Building an LLMOps Pipeline: Prompt Versioning, Drift Monitoring, and CI/CD

Prompt versioning CLI, LLM-as-judge eval harness, PSI drift monitoring, and a GitHub Actions quality gate — LoyaltyLens Module 5

Series position: Article 5 of 8

Module 5 adds the operational layer that keeps Module 4's LLM output reliable over time. A production LLM integration without these components has predictable failure modes: prompts get overwritten, quality degrades invisibly, data distribution shifts go undetected, and there is no automated gate preventing degraded outputs from reaching users.

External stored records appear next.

lemma ennreal_le_inv_moment_sum_iff:
  assumes \<mu>: "\<And>i. i \<in> B \<Longrightarrow> \<mu> i \<in> probs_0M M" and w: "\<And>i. 0 \<le> w i"
    and summable: "summable (\<lambda>i. if i \<in> B then w i else 0)" and "k < \<kappa>"
    and bound: "inv_moment_sum B w \<kappa> \<mu> \<le> ennreal D" and "0 \<le> D"
  shows "ennreal c \<le> inv_moment_sum B w k \<mu>
    \<longleftrightarrow> (\<forall>n N. c - trunc_error B w k \<kappa> D n N \<le> trunc_inv_moment_sum B w k n N \<mu>)"
proof
  assume c: "ennreal c \<le> inv_moment_sum B w k \<mu>"
  show "\<forall>n N. c - trunc_error B w k \<kappa> D n N \<le> trunc_inv_moment_sum B w k n N \<mu>"
  proof (intro allI)
    fix n N
    have "ennreal c \<le> ennreal (trunc_inv_moment_sum B w k n N \<mu> + trunc_error B w k \<kappa> D n N)"
      using c inv_moment_sum_le_trunc_error[where B=B and \<mu>=\<mu> and w=w, OF \<mu> w summable \<open>k < \<kappa>\<close> bound \<open>0 \<le> D\<close>]
      by (rule order_trans)
    moreover have "0 \<le> trunc_inv_moment_sum B w k n N \<mu> + trunc_error B w k \<kappa> D n N"
      using trunc_inv_moment_sum_nonneg[of w, OF w] trunc_error_nonneg[where w=w and B=B, OF w summable \<open>0 \<le> D\<close>]
      by simp
    ultimately have "c \<le> trunc_inv_moment_sum B w k n N \<mu> + trunc_error B w k \<kappa> D n N"
      by (simp only: ennreal_le_iff)
    then show "c - trunc_error B w k \<kappa> D n N \<le> trunc_inv_moment_sum B w k n N \<mu>"
      by linarith
  qed
next
  assume trunc: "\<forall>n N. c - trunc_error B w k \<kappa> D n N \<le> trunc_inv_moment_sum B w k n N \<mu>"
  show "ennreal c \<le> inv_moment_sum B w k \<mu>"
  proof (rule ennreal_le_epsilon)
    fix \<delta> :: real assume "0 < \<delta>"
    then obtain n N where "trunc_error B w k \<kappa> D n N < \<delta>"
      using ex_trunc_error_less[OF summable \<open>k < \<kappa>\<close> \<open>0 \<le> D\<close>] by blast
    then have "c \<le> trunc_inv_moment_sum B w k n N \<mu> + \<delta>"
      using trunc[rule_format, of n N] by linarith
    then have "ennreal c \<le> ennreal (trunc_inv_moment_sum B w k n N \<mu> + \<delta>)"
      by (rule ennreal_leI)
    also have "\<dots> = ennreal (trunc_inv_moment_sum B w k n N \<mu>) + ennreal \<delta>"
      using trunc_inv_moment_sum_nonneg[of w, OF w] \<open>0 < \<delta>\<close> by (simp add: ennreal_plus)
    also have "\<dots> \<le> inv_moment_sum B w k \<mu> + ennreal \<delta>"
      using trunc_inv_moment_sum_le[where B=B and \<mu>=\<mu> and w=w, OF \<mu> w] by (rule add_right_mono)
    finally show "ennreal c \<le> inv_moment_sum B w k \<mu> + ennreal \<delta>" .
  qed
qed

lemma closedin_inv_moment_sum_ge:
  assumes w: "\<And>i. 0 \<le> w i" and summable: "summable (\<lambda>i. if i \<in> B then w i else 0)"
    and "k < \<kappa>" and "0 \<le> D"
  shows "closedin (product_topology (\<lambda>_. weak_top M) B)
    {\<mu> \<in> topspace (product_topology (\<lambda>_. weak_top M) B).
      inv_moment_sum B w \<kappa> \<mu> \<le> ennreal D \<and> ennreal c \<le> inv_moment_sum B w k \<mu>}"
proof -
  let ?X = "product_topology (\<lambda>_. weak_top M) B"
  have "ennreal c \<le> inv_moment_sum B w k \<mu>
      \<longleftrightarrow> (\<forall>n N. c - trunc_error B w k \<kappa> D n N \<le> trunc_inv_moment_sum B w k n N \<mu>)"
    if "\<mu> \<in> topspace ?X" and "inv_moment_sum B w \<kappa> \<mu> \<le> ennreal D" for \<mu>
    using that w summable \<open>k < \<kappa>\<close> \<open>0 \<le> D\<close> by (intro ennreal_le_inv_moment_sum_iff probs_0M_of_topspace)
  then have "{\<mu> \<in> topspace ?X. inv_moment_sum B w \<kappa> \<mu> \<le> ennreal D \<and> ennreal c \<le> inv_moment_sum B w k \<mu>}
      = {\<mu> \<in> topspace ?X. inv_moment_sum B w \<kappa> \<mu> \<le> ennreal D
          \<and> (\<forall>n N. c - trunc_error B w k \<kappa> D n N \<le> trunc_inv_moment_sum B w k n N \<mu>)}"
    by (intro Collect_cong) blast
  moreover have "closedin ?X {\<mu> \<in> topspace ?X. inv_moment_sum B w \<kappa> \<mu> \<le> ennreal D
      \<and> (\<forall>n N. c - trunc_error B w k \<kappa> D n N \<le> trunc_inv_moment_sum B w k n N \<mu>)}"
    by (intro closedin_Collect_conj closedin_inv_moment_sum_le[OF w \<open>0 \<le> D\<close>] closedin_Collect_all
        closedin_continuous_map_real(2) continuous_map_trunc_inv_moment_sum)
  ultimately show ?thesis
    by simp
qed
lemma tight_stack_charge_le:
  assumes "tight_stack f E S w" "submodular_on V f" "set S \<subseteq> V" "f {} = 0" "T \<subseteq> set S"
  shows "(\<Sum>u\<in>T. w u + (\<Sum>x\<in>{x \<in> after S u. E u x}. w x)) \<le> f T"
  using assms(1,3,5)
proof (induction S arbitrary: T)
  case Nil
  then show ?case using assms(4) by simp
next
  case (Cons s S)
  let ?charge = "\<lambda>S u. w u + (\<Sum>x\<in>{x \<in> after S u. E u x}. w x)"
  have s: "s \<notin> set S" "s \<in> V" and T': "T - {s} \<subseteq> set S"
    using Cons.prems by auto
  have "(\<Sum>u\<in>T - {s}. ?charge (s # S) u) = (\<Sum>u\<in>T - {s}. ?charge S u)"
    by (intro sum.cong) auto
  also have "\<dots> \<le> f (T - {s})"
    using Cons.IH[of "T - {s}"] T' Cons.prems by simp
  finally have rest: "(\<Sum>u\<in>T - {s}. ?charge (s # S) u) \<le> f (T - {s})" .
  show ?case
  proof (cases "s \<in> T")
    case True
    have "(\<Sum>u\<in>T. ?charge (s # S) u) = ?charge (s # S) s + (\<Sum>u\<in>T - {s}. ?charge (s # S) u)"
      using sum.remove[OF finite_subset[OF Cons.prems(3) finite_set] True] .
    also have "?charge (s # S) s = marginal f (set S) s"
      using Cons.prems(1) by (simp add: nbr_weight_def)
    also have "marginal f (set S) s \<le> marginal f (T - {s}) s"
      using submodular_on_diminishing_returns[OF assms(2) T'] s Cons.prems(2) by auto
    also have "marginal f (T - {s}) s = f T - f (T - {s})"
      using True by (simp add: marginal_def insert_absorb)
    finally show ?thesis using rest by simp
  next
    case False
    then show ?thesis using rest by simp
  qed
qed

text \<open>Every vertex that Phase 2 discards is blocked by a kept neighbour pushed after it, so
  its weight is part of that neighbour's charge.\<close>

lemma tight_stack_weight_le_pd_phase2:
  assumes "symp E" "irreflp E" "tight_stack f E S w" "\<And>u. 0 \<le> w u"
    and "submodular_on V f" "set S \<subseteq> V" "f {} = 0"
  shows "(\<Sum>u\<in>set S. w u) \<le> f (pd_phase2 E S)"
proof -
  define T where "T = pd_phase2 E S"
  define C where "C u = {x \<in> after S u. E u x}" for u
  have T: "T \<subseteq> set S"
    unfolding T_def by (rule pd_phase2_subset)
  then have finT: "finite T"
    by (rule finite_subset) simp
  have "\<exists>u. u \<in> T \<and> x \<in> C u" if "x \<in> set S - T" for x
    using pd_phase2_blocked[OF assms(1,2), of x S] that unfolding T_def C_def by auto
  then obtain b where b: "\<And>x. x \<in> set S - T \<Longrightarrow> b x \<in> T \<and> x \<in> C (b x)"
    by metis
  have finC: "finite (C u)" for u
  proof (rule finite_subset)
    show "C u \<subseteq> set S" using after_subset[of S u] unfolding C_def by blast
  qed simp
  have "(\<Sum>x\<in>set S - T. w x) = (\<Sum>u\<in>T. \<Sum>x | x \<in> set S - T \<and> b x = u. w x)"
    using b finT by (intro sum.group[symmetric]) auto
  also have "\<dots> \<le> (\<Sum>u\<in>T. \<Sum>x\<in>C u. w x)"
  proof (rule sum_mono)
    fix u
    have "{x. x \<in> set S - T \<and> b x = u} \<subseteq> C u"
    proof
      fix x assume "x \<in> {x. x \<in> set S - T \<and> b x = u}"
      then show "x \<in> C u" using b[of x] by auto
    qed
    then show "(\<Sum>x | x \<in> set S - T \<and> b x = u. w x) \<le> (\<Sum>x\<in>C u. w x)"
      using finC assms(4) by (intro sum_mono2) auto
  qed
  finally have "(\<Sum>u\<in>set S. w u) \<le> (\<Sum>u\<in>T. w u + (\<Sum>x\<in>C u. w x))"
    using T by (simp add: sum.subset_diff[of T "set S"] sum.distrib)
  also have "\<dots> \<le> f T"
    unfolding C_def using tight_stack_charge_le[OF assms(3,5,6,7) T] .
  finally show ?thesis unfolding T_def .
qed

section \<open>Phase 1\<close>

lemma expectation_bind_pmf_finite:
  fixes G :: "'b \<Rightarrow> real"
  assumes "finite (set_pmf M)" "\<And>x. x \<in> set_pmf M \<Longrightarrow> finite (set_pmf (F x))"
  shows "measure_pmf.expectation (bind_pmf M F) G
    = measure_pmf.expectation M (\<lambda>x. measure_pmf.expectation (F x) G)"
proof -
  have "measure_pmf.expectation (bind_pmf M F) G
      = (\<Sum>a\<in>set_pmf M. pmf M a *\<^sub>R measure_pmf.expectation (F a) G)"
    using assms by (intro pmf_expectation_bind) auto
  also have "\<dots> = measure_pmf.expectation M (\<lambda>x. measure_pmf.expectation (F x) G)"
    using assms by (subst integral_measure_pmf[of "set_pmf M"]) auto
  finally show ?thesis .
qed

lemma expectation_mono_pmf_finite:
  fixes G H :: "'b \<Rightarrow> real"
  assumes "finite (set_pmf M)" "\<And>x. x \<in> set_pmf M \<Longrightarrow> G x \<le> H x"
  shows "measure_pmf.expectation M G \<le> measure_pmf.expectation M H"
  using assms
  by (intro integral_mono_AE integrable_measure_pmf_finite) (auto simp: AE_measure_pmf_iff)

definition pd_push :: "('a \<Rightarrow> 'a \<Rightarrow> bool) \<Rightarrow> ('a set \<Rightarrow> real) \<Rightarrow> 'a list \<Rightarrow> ('a \<Rightarrow> real) \<Rightarrow> 'a
    \<Rightarrow> 'a list \<times> ('a \<Rightarrow> real)" where
  "pd_push E f S w v = (v # S, w(v := marginal f (set S) v - nbr_weight E S w v))"

lemma set_pmf_pd_step:
  assumes "st \<in> set_pmf (pd_step E f \<beta> p (S, w) v)"
  shows "st = (S, w) \<or> (1 + \<beta>) * nbr_weight E S w v < marginal f (set S) v \<and> st = pd_push E f S w v"
  using assms
  by (auto simp: pd_step_def pd_push_def marginal_def nbr_weight_def Let_def split: if_splits)

lemma finite_set_pmf_pd_step: "finite (set_pmf (pd_step E f \<beta> p st v))"
proof -
  obtain S w where st: "st = (S, w)" by force
  have "set_pmf (pd_step E f \<beta> p st v) \<subseteq> {(S, w), pd_push E f S w v}"
  proof
    fix st' assume "st' \<in> set_pmf (pd_step E f \<beta> p st v)"
    then show "st' \<in> {(S, w), pd_push E f S w v}"
      using set_pmf_pd_step[of st' E f \<beta> p S w v] unfolding st by auto
  qed
  then show ?thesis by (rule finite_subset) simp
qed

lemma expectation_pd_step:
  assumes "0 \<le> p" "p \<le> 1"
  shows "measure_pmf.expectation (pd_step E f \<beta> p (S, w) v) G =
    (if (1 + \<beta>) * nbr_weight E S w v < marginal f (set S) v
     then p * G (pd_push E f S w v) + (1 - p) * G (S, w) else G (S, w))"
  using assms
  by (simp add: pd_step_def pd_push_def marginal_def nbr_weight_def Let_def algebra_simps)

lemma pd_phase1_Nil: "pd_phase1 [] E f \<beta> p = return_pmf ([], \<lambda>_. 0)"
  by (simp add: pd_phase1_def)

lemma pd_phase1_snoc:
  "pd_phase1 (xs @ [v]) E f \<beta> p = bind_pmf (pd_phase1 xs E f \<beta> p) (\<lambda>st. pd_step E f \<beta> p st v)"
  by (simp add: pd_phase1_def)

lemma finite_set_pmf_pd_phase1: "finite (set_pmf (pd_phase1 xs E f \<beta> p))"
  by (induction xs rule: rev_induct)
    (simp_all add: pd_phase1_Nil pd_phase1_snoc finite_set_pmf_pd_step)

lemma pd_phase1_stack_subset:
  "st \<in> set_pmf (pd_phase1 xs E f \<beta> p) \<Longrightarrow> set (fst st) \<subseteq> set xs"
proof (induction xs arbitrary: st rule: rev_induct)
  case (snoc v xs)
  then obtain S w where Sw: "(S, w) \<in> set_pmf (pd_phase1 xs E f \<beta> p)"
      "st \<in> set_pmf (pd_step E f \<beta> p (S, w) v)"
    by (auto simp: pd_phase1_snoc)
  have "set S \<subseteq> set xs" using snoc.IH[OF Sw(1)] by simp
  then show ?case using set_pmf_pd_step[OF Sw(2)] by (auto simp: pd_push_def)
qed (simp add: pd_phase1_Nil)

fun pd_invariant :: "('a set \<Rightarrow> real) \<Rightarrow> ('a \<Rightarrow> 'a \<Rightarrow> bool) \<Rightarrow> real
    \<Rightarrow> 'a list \<times> ('a \<Rightarrow> real) \<Rightarrow> bool" where
  "pd_invariant f E \<beta> (S, w) \<longleftrightarrow> tight_stack f E S w \<and> (\<forall>u. 0 \<le> w u)
     \<and> f (set S) \<le> (1 + \<beta>) / \<beta> * (\<Sum>u\<in>set S. w u)"

lemma pd_invariant_pd_push:
  assumes "0 < \<beta>" "v \<notin> set S" "pd_invariant f E \<beta> (S, w)"
    and push: "(1 + \<beta>) * nbr_weight E S w v < marginal f (set S) v"
  shows "pd_invariant f E \<beta> (pd_push E f S w v)"
proof -
  define g c where "g = marginal f (set S) v" and "c = nbr_weight E S w v"
  define w' where "w' = w(v := g - c)"
  have I: "tight_stack f E S w" "\<And>u. 0 \<le> w u" "f (set S) \<le> (1 + \<beta>) / \<beta> * (\<Sum>u\<in>set S. w u)"
    using assms(3) by auto
  have "0 \<le> c" unfolding c_def nbr_weight_def using I(2) by (simp add: sum_nonneg)
  then have "0 \<le> \<beta> * c" using assms(1) by simp
  then have gc: "c \<le> g" "\<beta> * g \<le> (1 + \<beta>) * (g - c)"
    using push unfolding g_def c_def by (auto simp: algebra_simps)
  have on_S: "w' u = w u" if "u \<in> set S" for u
    using that assms(2) by (auto simp: w'_def)
  have "tight_stack f E S w'"
    using tight_stack_cong[of S w' w, OF on_S] I(1) by simp
  moreover have "nbr_weight E S w' v = c"
    unfolding c_def nbr_weight_def using on_S by (intro sum.cong) auto
  ultimately have "tight_stack f E (v # S) w'"
    using assms(2) by (simp add: w'_def g_def)
  moreover have "\<forall>u. 0 \<le> w' u"
    using I(2) gc by (simp add: w'_def)
  moreover have "f (insert v (set S)) \<le> (1 + \<beta>) / \<beta> * (\<Sum>u\<in>insert v (set S). w' u)"
  proof -
    have "(\<Sum>u\<in>set S. w' u) = (\<Sum>u\<in>set S. w u)"
      using on_S by (rule sum.cong[OF refl])
    then have sum': "(\<Sum>u\<in>insert v (set S). w' u) = (g - c) + (\<Sum>u\<in>set S. w u)"
      using assms(2) by (simp add: w'_def)
    have "g \<le> (1 + \<beta>) / \<beta> * (g - c)"
      using gc(2) assms(1) by (simp add: field_simps)
    then have "f (set S) + g \<le> (1 + \<beta>) / \<beta> * ((g - c) + (\<Sum>u\<in>set S. w u))"
      using I(3) by (simp add: distrib_left)
    then show ?thesis unfolding sum' by (simp add: g_def marginal_def)
  qed
  moreover have "pd_push E f S w v = (v # S, w')"
    by (simp add: pd_push_def w'_def g_def c_def)
  ultimately show ?thesis by simp
qed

This module implements the four core LLMOps disciplines:

Prompt versioning — CLI for tracking, diffing, activating, and rolling back prompt versions
Automated evaluation — BLEU + ROUGE-L + LLM-as-judge harness with a 0.75 quality gate
Drift monitoring — PSI-based propensity score distribution monitoring
CI/CD pipeline — GitHub Actions workflow that enforces the eval gate before every deploy

What LLMOps Covers

LLMOps is the set of engineering disciplines applied to systems that include large language models as runtime components — specifically:

Prompt versioning — tracking, diffing, and rolling back prompt changes with the same rigor as code
Model evaluation — measuring output quality with automated metrics and human-in-the-loop signals
Drift monitoring — detecting when the distribution of model inputs or outputs has shifted from baseline
Deployment governance — gates that prevent degraded models or prompts from reaching production

1. Prompt Versioning CLI

The prompt YAML files from Module 4 (llm_generator/prompts/system_v1.yaml, system_v2.yaml) are the source of truth. Module 5 adds a Click CLI that makes them operationally manageable.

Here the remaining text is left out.